Bike Repair: How to Clean & Lube Your Chain
A well-lubricated chain is crucial to a smooth, quiet (dare I say, stealthy) ride. A dry, grimy or rusty chain, on the other hand, can make an otherwise healthy, well-cared-for bike sound and ride like an old rattletrap—squealing away while it jumps and bucks its way through gear shifts.
Chain maintenance is relatively simple—it's really just three steps—but it should happen with regularity to keep dirt and grime from wearing down the chain and rear sprockets. If you tend to ride regularly in urban environments, we recommend a full clean and lube every weekend. Here’s how you do it:
Get Rid of the Gunk
Flip your bike over, and apply degreaser (we like Simple Green) liberally along the entire length of the chain while you crank the pedals backward. Use a non-metal brush—an old toothbrush works perfectly—to scrub away the loosened dirt and grime. Give your cassette and chainrings a thorough scrubbing, too. Wipe down the chain with a dry rag, then let it air-dry for a few minutes.
Lube the Chain
Using your favorite oil, apply a drop to every single link, being sure to get the sideplates, too. If it sounds obessive, that's because it is.

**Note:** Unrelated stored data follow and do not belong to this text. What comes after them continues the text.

section \<open>Sufficiency\<close>

text \<open>The protocol: U reveals the class of Z, through a label \<open>g y z\<close> from which the
  class vector \<open>a (g y z)\<close> can be read off.\<close>
lemma perfectly_secure_if_class_labelling:
  fixes pXY :: "'x::finite \<Rightarrow> 'y::finite \<Rightarrow> real"
    and W :: "'x \<Rightarrow> 'y \<Rightarrow> 'z::finite \<Rightarrow> real"
    and g :: "'y \<Rightarrow> 'z \<Rightarrow> nat" and a :: "nat \<Rightarrow> 'x \<Rightarrow> real"
  assumes W_nonneg: "\<And>x y z. 0 \<le> W x y z"
    and mass: "\<And>y y'. class_mass W y = class_mass W y'"
    and finite_Us: "finite Us"
    and label_in_Us: "\<And>y z. g y z \<in> Us"
    and label_eq_iff: "\<And>u y z. u \<in> Us \<Longrightarrow> g y z = u \<longleftrightarrow> normalized (\<lambda>x. W x y z) = a u"
  shows "perfectly_secure_computable pXY W"
proof -
  define q :: "nat \<Rightarrow> 'x \<Rightarrow> 'y \<Rightarrow> 'z \<Rightarrow> real"
    where "q u x y z = (if g y z = u then 1 else 0)" for u x y z
  have "markov_chain (joint pXY W q) (Us \<times> UNIV)
      (\<lambda>(u,x,y,z). u) (\<lambda>(u,x,y,z). x) (\<lambda>(u,x,y,z). y)"
  proof -
    have "(\<Sum>z\<in>UNIV. pXY x y * W x y z * q u x y z) = class_mass W undefined (a u) x * pXY x y"
      if u: "u \<in> Us" for u x y
    proof -
      have "(\<Sum>z\<in>UNIV. W x y z * q u x y z)
          = (\<Sum>z\<in>UNIV. if normalized (\<lambda>x. W x y z) = a u then W x y z else 0)"
        by (intro sum.cong) (simp_all add: q_def label_eq_iff[OF u])
      also have "\<dots> = class_mass W undefined (a u) x"
        using class_mass_eq_sum_if[where W = W and y = y and a = "a u" and x = x, OF W_nonneg]
          mass[of y undefined] by simp
      finally show ?thesis
        by (simp add: sum_distrib_left[symmetric] mult.assoc)
    qed
    then show ?thesis
      unfolding joint_def by (rule markov_chain_U_X_Y_if_factorizes[OF finite_Us])
  qed
  moreover have "markov_chain (joint pXY W q) (Us \<times> UNIV)
      (\<lambda>(u,x,y,z). z) (\<lambda>(u,x,y,z). (u,y)) (\<lambda>(u,x,y,z). x)"
  proof -
    have "pXY x y * W x y z * q u x y z
        = (pXY x y * a u x) * ((\<Sum>x\<in>UNIV. W x y z) * q u undefined y z)" if u: "u \<in> Us" for u x y z
      using column_eq_normalized_mult_sum[where W = W and x = x and y = y and z = z, OF W_nonneg]
      by (auto simp: q_def label_eq_iff[OF u])
    then show ?thesis
      unfolding joint_def
      by (rule markov_chain_Z_UY_X_if_factorizes[OF finite_Us, where A = "\<lambda>u x y. pXY x y * a u x"
            and B = "\<lambda>u y z. (\<Sum>x\<in>UNIV. W x y z) * q u undefined y z"])
  qed
  moreover have "markov_chain (joint pXY W q) (Us \<times> UNIV)
      (\<lambda>(u,x,y,z). u) (\<lambda>(u,x,y,z). (y,z)) (\<lambda>(u,x,y,z). x)"
    unfolding joint_def
    by (rule markov_chain_U_YZ_X_if_factorizes[OF finite_Us,
          where A = "\<lambda>x y z. pXY x y * W x y z" and B = "\<lambda>u y z. q u undefined y z"])
      (simp add: q_def)
  moreover have "\<forall>u x y z. 0 \<le> q u x y z" "\<forall>x y z. (\<Sum>u\<in>Us. q u x y z) = 1"
    using label_in_Us finite_Us by (simp_all add: q_def sum.delta)
  ultimately show ?thesis
    unfolding perfectly_secure_computable_def Let_def using finite_Us by blast
qed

And to be sure you're extra thorough, spin the cranks backward so the oil penetrates into the chain links. Put a light coat on the rear cassette cogs, too.
Remove the Excess Lube
Spin the pedals again, using a rag to wipe extra lube from the chain and cassette. Though it sounds counterintuitive, do NOT skip this step. You want the moving parts to be covered by a thin film of oil that stays on and keeps them lubricated, not by a thick soaking that turns them into a dirt and grime magnet.